Benjamin Clementine mostra o manequim de uma criança e pergunta ao público: lembram-se deste peixe esquisito? Dança com o boneco que vai mais tarde desmembrar, como vai desfazer os outros manequins espalhados pelo palco, falando de guerra. Já cantou o fantasma de Aleppo, a Selva dos refugiados em Calais, o rapaz turco, temas do segundo disco. O público quer as canções mais íntimas do primeiro disco, e ele mergulha nesse passado recente cantando palavras dolorosas. E irá dar a volta à sala que exclama com ele "Porto Bello" insistentemente, prolongando por longos minutos a canção Ports of Europe, mais uma vez com os refugiados em fundo. O público vai devolver-lhe no fim do concerto esta referência, entoando espontaneamente a mesma ladainha de diálogo encantatório.

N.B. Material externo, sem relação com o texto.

definition class_prior :: "('a \<times> 'm) measure \<Rightarrow> 'm \<Rightarrow> real" where
  "class_prior D y = measure D {z \<in> space D. snd z = y}"

text \<open>Per-class loss l_i(f) = E[l(Y, f X) | Y = i] (nonnegative, so valued in ennreal).\<close>
definition class_loss ::
  "('a \<times> 'm) measure \<Rightarrow> ('m \<Rightarrow> real ^ 'm \<Rightarrow> real) \<Rightarrow> ('a \<Rightarrow> real ^ 'm) \<Rightarrow> 'm \<Rightarrow> ennreal" where
  "class_loss D l f i =
     (\<integral>\<^sup>+ z. ennreal (l (snd z) (f (fst z))) * indicator {z. snd z = i} z \<partial>D)
       / emeasure D {z \<in> space D. snd z = i}"

definition weighted_loss ::
  "('a \<times> 'm::finite) measure \<Rightarrow> ('m \<Rightarrow> real ^ 'm \<Rightarrow> real) \<Rightarrow> real ^ 'm \<Rightarrow> ('a \<Rightarrow> real ^ 'm) \<Rightarrow> ennreal" where
  "weighted_loss D l g f = (\<Sum>i\<in>UNIV. ennreal (g $ i) * class_loss D l f i)"

definition fstar ::
  "('a \<times> 'm::finite) measure \<Rightarrow> ('m \<Rightarrow> 'a \<Rightarrow> real) \<Rightarrow> real ^ 'm \<Rightarrow> real ^ 'm \<Rightarrow> 'a \<Rightarrow> real ^ 'm" where
  "fstar D \<eta> g c x =
     (let den = (\<Sum>j\<in>UNIV. g $ j / class_prior D j * \<eta> j x) in
      if den > 0 then (\<chi> y. (g $ y / class_prior D y * \<eta> y x) / den) else c)"

end

theory Submission
  imports Defs
begin

text \<open>After conditioning on the label, the objective becomes the integral, against the marginal
  of X, of the pointwise loss \<open>\<Sum>\<^sub>y w\<^sub>y(x) \<ell>(y, f x)\<close> with weights
  \<open>w\<^sub>y(x) = g\<^sub>y \<eta>\<^sub>y(x) / \<pi>\<^sub>y\<close>. Properness says that among all points of the simplex the normalised
  weight vector minimises this pointwise loss, and that vector is exactly \<open>f\<^sup>*(x)\<close>; so \<open>f\<^sup>*\<close>
  wins pointwise, hence after integration.\<close>

lemma borel_measurable_vecI:
  fixes F :: "'b \<Rightarrow> real ^ 'n::finite"
  assumes "\<And>i. (\<lambda>x. F x $ i) \<in> borel_measurable N"
  shows "F \<in> borel_measurable N"
proof (rule iffD2[OF borel_measurable_euclidean_space], rule ballI)
  fix b :: "real ^ 'n" assume "b \<in> Basis"
  then obtain i where b: "b = axis i 1"
    unfolding Basis_vec_def by auto
  have "(\<lambda>x. F x \<bullet> b) = (\<lambda>x. F x $ i)"
    unfolding b by (simp only: cart_eq_inner_axis)
  then show "(\<lambda>x. F x \<bullet> b) \<in> borel_measurable N"
    using assms by simp
qed

lemma borel_measurable_comp_restrict_space:
  assumes "h \<in> borel_measurable (restrict_space borel S)"
    and "f \<in> borel_measurable M" and "\<forall>x\<in>space M. f x \<in> S"
  shows "(\<lambda>x. h (f x)) \<in> borel_measurable M"
proof -
  have "f \<in> measurable M (restrict_space borel S)"
    using assms(2,3) by (intro measurable_restrict_space2) auto
  then show ?thesis
    using measurable_comp[OF _ assms(1)] by (simp add: o_def)
qed

definition normalize_weights :: "('m::finite \<Rightarrow> real) \<Rightarrow> real ^ 'm \<Rightarrow> real ^ 'm" where
  "normalize_weights w c = (if 0 < (\<Sum>j\<in>UNIV. w j) then (\<chi> y. w y / (\<Sum>j\<in>UNIV. w j)) else c)"

lemma normalize_weights_in_prob_simplex:
  assumes "\<And>y. 0 \<le> w y" and "c \<in> prob_simplex"
  shows "normalize_weights w c \<in> prob_simplex"
  using assms
  by (auto simp: normalize_weights_def prob_simplex_def sum_divide_distrib[symmetric])

lemma proper_loss_normalize_weights_le:
  fixes w :: "'m::finite \<Rightarrow> real"
  assumes proper: "proper_loss l" and w: "\<And>y. 0 \<le> w y" and c: "c \<in> prob_simplex"
    and q: "q \<in> prob_simplex"
  shows "(\<Sum>y\<in>UNIV. w y * l y (normalize_weights w c)) \<le> (\<Sum>y\<in>UNIV. w y * l y q)"
proof (cases "0 < (\<Sum>j\<in>UNIV. w j)")
  case True
  define s where "s = (\<Sum>j\<in>UNIV. w j)"
  define p where "p = normalize_weights w c"
  have p_in: "p \<in> prob_simplex"
    unfolding p_def using w c by (rule normalize_weights_in_prob_simplex)
  have scale: "(\<Sum>y\<in>UNIV. w y * l y r) = s * (\<Sum>y\<in>UNIV. p $ y * l y r)" for r
    using True by (simp add: p_def s_def normalize_weights_def sum_distrib_left)
  have "(\<Sum>y\<in>UNIV. p $ y * l y p) \<le> (\<Sum>y\<in>UNIV. p $ y * l y q)"
    using proper p_in q unfolding proper_loss_def by blast
  then have "s * (\<Sum>y\<in>UNIV. p $ y * l y p) \<le> s * (\<Sum>y\<in>UNIV. p $ y * l y q)"
    using True s_def by (intro mult_left_mono) auto
  then show ?thesis
    unfolding p_def[symmetric] scale .
next
  case False
  moreover have "0 \<le> (\<Sum>j\<in>UNIV. w j)"
    using w by (simp add: sum_nonneg)
  ultimately have "(\<Sum>j\<in>UNIV. w j) = 0"
    by linarith
  then have "\<And>y. w y = 0"
    using w by (simp add: sum_nonneg_eq_0_iff)
  then show ?thesis by simp
qed

lemma nn_integral_label_indicator:
  fixes M :: "'a measure" and D :: "('a \<times> 'm) measure" and h :: "'a \<Rightarrow> ennreal"
  assumes sets_D: "sets D = sets (M \<Otimes>\<^sub>M count_space UNIV)"
    and eta_meas: "\<eta> \<in> borel_measurable M"
    and eta_cond: "\<And>A. A \<in> sets M \<Longrightarrow>
          emeasure D (A \<times> {y}) = (\<integral>\<^sup>+ x. ennreal (\<eta> x) * indicator A x \<partial>(distr D M fst))"
    and h: "h \<in> borel_measurable M"
  shows "(\<integral>\<^sup>+ z. h (fst z) * indicator {z. snd z = y} z \<partial>D)
       = (\<integral>\<^sup>+ x. ennreal (\<eta> x) * h x \<partial>(distr D M fst))"
proof -
  have fst_m: "fst \<in> measurable D M"
    using measurable_fst[of M "count_space UNIV"] measurable_cong_sets[OF sets_D refl] by blast
  have snd_m: "snd \<in> measurable D (count_space UNIV)"
    using measurable_snd[of M "count_space UNIV"] measurable_cong_sets[OF sets_D refl] by blast
  have space_D: "space D = space M \<times> UNIV"
    using sets_eq_imp_space_eq[OF sets_D] by (simp add: space_pair_measure)
  define I :: "'a \<times> 'm \<Rightarrow> ennreal" where "I = indicator {z. snd z = y}"
  have I_m: "I \<in> borel_measurable D"
  proof -
    have "I = (\<lambda>z. indicator {y} (snd z))"
      by (auto simp: I_def indicator_def)
    then show ?thesis by (simp add: measurable_compose[OF snd_m])
  qed
  have slice: "distr (density D I) M fst = density (distr D M fst) \<eta>"
  proof (rule measure_eqI)
    fix A assume "A \<in> sets (distr (density D I) M fst)"
    then have A: "A \<in> sets M" by simp
    have fst_A: "fst -` A \<inter> space D \<in> sets D"
      using measurable_sets[OF fst_m A] .
    have "A \<times> {y} = (fst -` A \<inter> space D) \<inter> (snd -` {y} \<inter> space D)"
      using sets.sets_into_space[OF A] space_D by auto
    then have A_y: "A \<times> {y} \<in> sets D"
      using fst_A measurable_sets[OF snd_m, of "{y}"] by auto
    have "emeasure (distr (density D I) M fst) A = (\<integral>\<^sup>+ z. I z * indicator (fst -` A \<inter> space D) z \<partial>D)"
      using fst_m A I_m fst_A by (simp add: emeasure_distr emeasure_density)
    also have "\<dots> = (\<integral>\<^sup>+ z. indicator (A \<times> {y}) z \<partial>D)"
      using sets.sets_into_space[OF A] space_D
      by (intro nn_integral_cong) (auto simp: I_def indicator_def)
    also have "\<dots> = emeasure (density (distr D M fst) \<eta>) A"
      using A A_y eta_meas fst_m by (simp add: emeasure_density eta_cond)
    finally show "emeasure (distr (density D I) M fst) A = emeasure (density (distr D M fst) \<eta>) A" .
  qed simp
  have "(\<integral>\<^sup>+ z. h (fst z) * I z \<partial>D) = (\<integral>\<^sup>+ x. h x \<partial>distr (density D I) M fst)"
    using fst_m h I_m by (simp add: nn_integral_distr nn_integral_density mult.commute)
  also have "\<dots> = (\<integral>\<^sup>+ x. ennreal (\<eta> x) * h x \<partial>(distr D M fst))"
    unfolding slice using eta_meas fst_m h by (simp add: nn_integral_density)
  finally show ?thesis
    unfolding I_def .
qed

Ele que viveu e cantou nas ruas de Paris, sem-abrigo resgatado pela música e tornado ícone, diz que não pode deixar de falar destas pessoas desamparadas, da destruição causada pelas guerras, do que se passa em volta, mas nunca o faz num tom frio de panfleto. Nas entrevistas mais recentes, explica como lhe é duro revisitar o passado difícil, a infância, a juventude, e que é bom ter hoje dinheiro para comprar comida e pagar as contas. Que a música continua a ser feita por prazer e necessidade mas que o lado do negócio pesa, desfoca esse impulso. E que de algum modo é difícil viver esta nova realidade da fama. E que nesta última tournée só esteve em Espanha e em Portugal, porque são lugares onde compõe cantando e falando alto em longos passeios pelas ruas.
Porque é que os dois nomes se misturam hoje na minha cabeça? Pessoas desamparadas que tenazmente sobrevivem, talvez. Pessoas que viram aquilo que ninguém devia ter de ver, muito menos antes de serem adultas. Pessoas que cresceram apesar de, em reação a, olhando para dentro e continuando em frente para ganhar o momento de olhar em redor.
Mireille foi morta, segundo as informações que os jornais colheram junto da polícia, porque era judia e "os judeus estão bem na vida, têm dinheiro". Terá sido isto que um dos suspeitos presos disse ao outro. Os dois homens acusam-se mutuamente, "foi ele que matou, não fui eu, ele gritou Allahu akbar quando a esfaqueou". Um deles era vizinho dela e costumava ir lá a casa prestar pequenos serviços, "era tratado como se fosse da família", segundo o filho de Mireille. "Era muçulmano", segundo uma das netas que vive em Israel. Mesmo que tenha sido um crime vulgar de dois homens que resolveram matar uma mulher de 85 anos doente de Parkinson para lhe roubar dinheiro que não tinha, a frase de preconceito fica a ressoar: "É judia, deve ter dinheiro."
Para ligar as pontas, forço o cruzamento dos dois. Imagino-a a parar numa rua de Paris diante de um jovem negro magríssimo de voz extraordinária. Tantas coisas que podiam ter contado um ao outro.